BI Desktop does provide some additional elements to add items to a report. In the "Home" tab's "Insert" region there are options for "Text box", "Image", or "Shape" that can be placed on the dashboard. Under "Custom visuals", you can import specialized visualizations or data manipulation widgets (e.g., sliders, word clouds, etc.) from Microsoft's visual repository. Some of these are built by Microsoft, and others are contributed by independent programmers. Power BI provides an API to allow construction of custom visuals.
Finally, slicers, which act like filters, can be inserted directly into a report, to make them more prominent and accessible versus using the Filter column. As an example, we will create a drop-down menu slicer to allow users to filter our visualizations to one or more individual states.
To insert a state slicer into our report, complete the following steps.
Notice in this image I've also cleaned up the visualization. I've added a title as a text box, and tweaked the text for axes and titles in the visualizations to convert them from potentially uninformative variable names to more descriptive, English-language explanations. Any one of these changes by itself is not significantly impactful, but the whole is definitely more than the sum of the parts, since the dashboard now appears professional and ready for use by domain experts who are not necessarily visualization or Power BI savvy.
The final step is to upload your work to the web. Similar to Tableau Public, this provides a method to easily share your dashboard through a web browser.

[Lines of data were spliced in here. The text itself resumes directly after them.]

lemma in_F_borel_measurable_cbox:
  fixes f :: "real^'d \<Rightarrow> real"
  assumes fF: "in_F \<alpha> \<beta> (cbox a b) f" and box: "cbox a b \<noteq> {}"
  shows "f \<in> borel_measurable (restrict_space borel (cbox a b))"
proof -
  obtain \<psi> g \<phi> where der: "\<forall>x\<in>cbox a b. (\<psi> has_derivative (\<lambda>h. g x \<bullet> h)) (at x within cbox a b)"
    and conv: "\<forall>i. convex_on {a $ i..b $ i} (\<phi> i)"
    and feq: "\<forall>x\<in>cbox a b. f x = \<psi> x + (\<Sum>i\<in>UNIV. \<phi> i (x $ i))"
    by (rule in_F_cboxE[OF fF box]) (rule that)
  have "continuous_on (cbox a b) \<psi>"
    using der by (intro has_derivative_continuous_on) auto
  then have \<psi>: "\<psi> \<in> borel_measurable (restrict_space borel (cbox a b))"
    by (rule borel_measurable_continuous_on_restrict)
  have \<phi>: "(\<lambda>x. \<phi> i (x $ i)) \<in> borel_measurable (restrict_space borel (cbox a b))" for i
    by (rule measurable_compose[OF measurable_restrict_space3[OF borel_measurable_nth]
          convex_on_interval_borel_measurable[OF conv[rule_format]]])
      (auto simp: mem_box_cart)
  have "(\<lambda>x. \<psi> x + (\<Sum>i\<in>UNIV. \<phi> i (x $ i))) \<in> borel_measurable (restrict_space borel (cbox a b))"
    by (intro borel_measurable_add borel_measurable_sum \<psi> \<phi>)
  then show ?thesis by (subst measurable_cong) (simp_all add: feq)
qed

lemma in_F_bdd_above_cbox:
  fixes f :: "real^'d \<Rightarrow> real"
  assumes fF: "in_F \<alpha> \<beta> (cbox a b) f" and box: "cbox a b \<noteq> {}"
  shows "bdd_above (f ` cbox a b)"
proof -
  obtain \<psi> g \<phi> where der: "\<forall>x\<in>cbox a b. (\<psi> has_derivative (\<lambda>h. g x \<bullet> h)) (at x within cbox a b)"
    and conv: "\<forall>i. convex_on {a $ i..b $ i} (\<phi> i)"
    and feq: "\<forall>x\<in>cbox a b. f x = \<psi> x + (\<Sum>i\<in>UNIV. \<phi> i (x $ i))"
    by (rule in_F_cboxE[OF fF box]) (rule that)
  have "continuous_on (cbox a b) \<psi>"
    using der by (intro has_derivative_continuous_on) auto
  then obtain x\<^sub>m where x\<^sub>m: "\<And>x. x \<in> cbox a b \<Longrightarrow> \<psi> x \<le> \<psi> x\<^sub>m"
    using continuous_attains_sup[OF compact_cbox box] by blast
  show ?thesis
  proof (rule bdd_aboveI2)
    fix x assume x: "x \<in> cbox a b"
    have "(\<Sum>i\<in>UNIV. \<phi> i (x $ i)) \<le> (\<Sum>i\<in>UNIV. max (\<phi> i (a $ i)) (\<phi> i (b $ i)))"
      using x by (intro sum_mono convex_on_le_max[OF conv[rule_format]]) (simp add: mem_box_cart)
    with x\<^sub>m[OF x] feq x show "f x \<le> \<psi> x\<^sub>m + (\<Sum>i\<in>UNIV. max (\<phi> i (a $ i)) (\<phi> i (b $ i)))" by simp
  qed
qed

text \<open>The independence hypothesis says that, restricted to \<open>E\<close>, the law of \<open>Z\<close> is \<open>p\<close> times
  its law under \<open>M\<close>.\<close>
lemma integral_indicator_mult_indep:
  fixes Z :: "'w \<Rightarrow> 'a" and h :: "'a \<Rightarrow> real"
  assumes "finite_measure M" and Z: "Z \<in> measurable M N" and E: "E \<in> sets M"
    and h: "h \<in> borel_measurable N" and p: "0 \<le> p"
    and indep: "\<forall>A\<in>sets N. measure M {\<omega>\<in>space M. \<omega> \<in> E \<and> Z \<omega> \<in> A} = p * measure M {\<omega>\<in>space M. Z \<omega> \<in> A}"
  shows "(\<integral>\<omega>. indicator E \<omega> * h (Z \<omega>) \<partial>M) = p * (\<integral>\<omega>. h (Z \<omega>) \<partial>M)"
proof -
  interpret finite_measure M by fact
  define M\<^sub>E where "M\<^sub>E = density M (\<lambda>\<omega>. ennreal (indicator E \<omega>))"
  have Z\<^sub>E: "Z \<in> measurable M\<^sub>E N" unfolding M\<^sub>E_def using Z by simp
  have law: "distr M\<^sub>E N Z = density (distr M N Z) (\<lambda>_. ennreal p)"
  proof (rule measure_eqI)
    fix A assume "A \<in> sets (distr M\<^sub>E N Z)"
    then have A: "A \<in> sets N" by simp
    then have ZA: "Z -` A \<inter> space M \<in> sets M" using Z by (simp add: measurable_sets)
    have "emeasure (distr M\<^sub>E N Z) A = emeasure M\<^sub>E (Z -` A \<inter> space M)"
      using A Z\<^sub>E by (simp add: emeasure_distr M\<^sub>E_def)
    also have "\<dots> = (\<integral>\<^sup>+ \<omega>. indicator E \<omega> * indicator (Z -` A \<inter> space M) \<omega> \<partial>M)"
      unfolding M\<^sub>E_def using ZA E by (simp add: emeasure_density nn_integral_indicator ennreal_indicator)
    also have "\<dots> = (\<integral>\<^sup>+ \<omega>. indicator (E \<inter> (Z -` A \<inter> space M)) \<omega> \<partial>M)"
      by (intro nn_integral_cong) (auto simp: indicator_def)
    also have "\<dots> = emeasure M (E \<inter> (Z -` A \<inter> space M))"
      using ZA E by (intro nn_integral_indicator) auto
    also have "E \<inter> (Z -` A \<inter> space M) = {\<omega>\<in>space M. \<omega> \<in> E \<and> Z \<omega> \<in> A}" by auto
    also have "emeasure M {\<omega>\<in>space M. \<omega> \<in> E \<and> Z \<omega> \<in> A} = ennreal p * emeasure (distr M N Z) A"
      using indep A Z p
      by (simp add: emeasure_eq_measure emeasure_distr ennreal_mult vimage_def Int_def conj_commute)
    also have "\<dots> = emeasure (density (distr M N Z) (\<lambda>_. ennreal p)) A"
      using A by (simp add: emeasure_density nn_integral_cmult_indicator)
    finally show "emeasure (distr M\<^sub>E N Z) A = emeasure (density (distr M N Z) (\<lambda>_. ennreal p)) A" .
  qed simp
  have "(\<integral>\<omega>. h (Z \<omega>) \<partial>M\<^sub>E) = (\<integral>\<omega>. indicator E \<omega> *\<^sub>R h (Z \<omega>) \<partial>M)"
    unfolding M\<^sub>E_def by (rule integral_density) (use E h Z in auto)
  then have "(\<integral>\<omega>. indicator E \<omega> * h (Z \<omega>) \<partial>M) = (\<integral>\<omega>. h (Z \<omega>) \<partial>M\<^sub>E)" by simp
  also have "\<dots> = integral\<^sup>L (distr M\<^sub>E N Z) h"
    using Z\<^sub>E h by (simp add: integral_distr)
  also have "\<dots> = integral\<^sup>L (distr M N Z) (\<lambda>x. p * h x)"
    unfolding law using h p by (subst integral_density) auto
  also have "\<dots> = p * (\<integral>\<omega>. h (Z \<omega>) \<partial>M)"
    using Z h by (simp add: integral_distr)
  finally show ?thesis .
qed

To publish to the BI website, make sure you've logged in with your Unity ID and password as describe in the Setup section. Next, Click on "Publish," which is in the "Share" region of the "Home" tab. BI Desktop will ask you if you want to save any changes you've made to the Dashboard, then ask you to "Select a destination." Choose "My workspace" and click "Select." Your report will be uploaded to the BI website, and you will be given options to "Open 'xxx.pbix' in Power BI" or "Get Quick Insights." If you click the "Open..." link, a web browser sheet will open containing your BI report.
Unfortunately, the ability to "Share" your dashboard is again restricted to Power BI Pro users. Providing the URL to the dashboard won't work, since you need to be logged into Power BI with your account credentials in order to access the dashboard. However, this does give you the ability to demonstrate dashboards from the web, which is useful in situations like external presentations, where the BI Desktop is unlikely to be installed on the machine you are using.
This tutorial only begins to explain the power and flexibility of Power BI. You can use Power BI's online documentation to explore BI in more detail. You can also come to talk to me if you're having problems, and I can try to help you find instructions to construct the visualizations you want to build.
Also, remember that, just like Tableau, BI Desktop is a tool to allow you to build visualizations. Like any tool, BI doesn't necessarily guarantee that the visualizations you produce are good visualizations. Try to apply the design principles we discussed in the visualization lecture, to make sure your visualizations are clear, effective, and well structured. The default visualizations that BI provides are unlikely to offer this, since BI doesn't have your domain expertise and understanding of the data's context to decide how best to present it.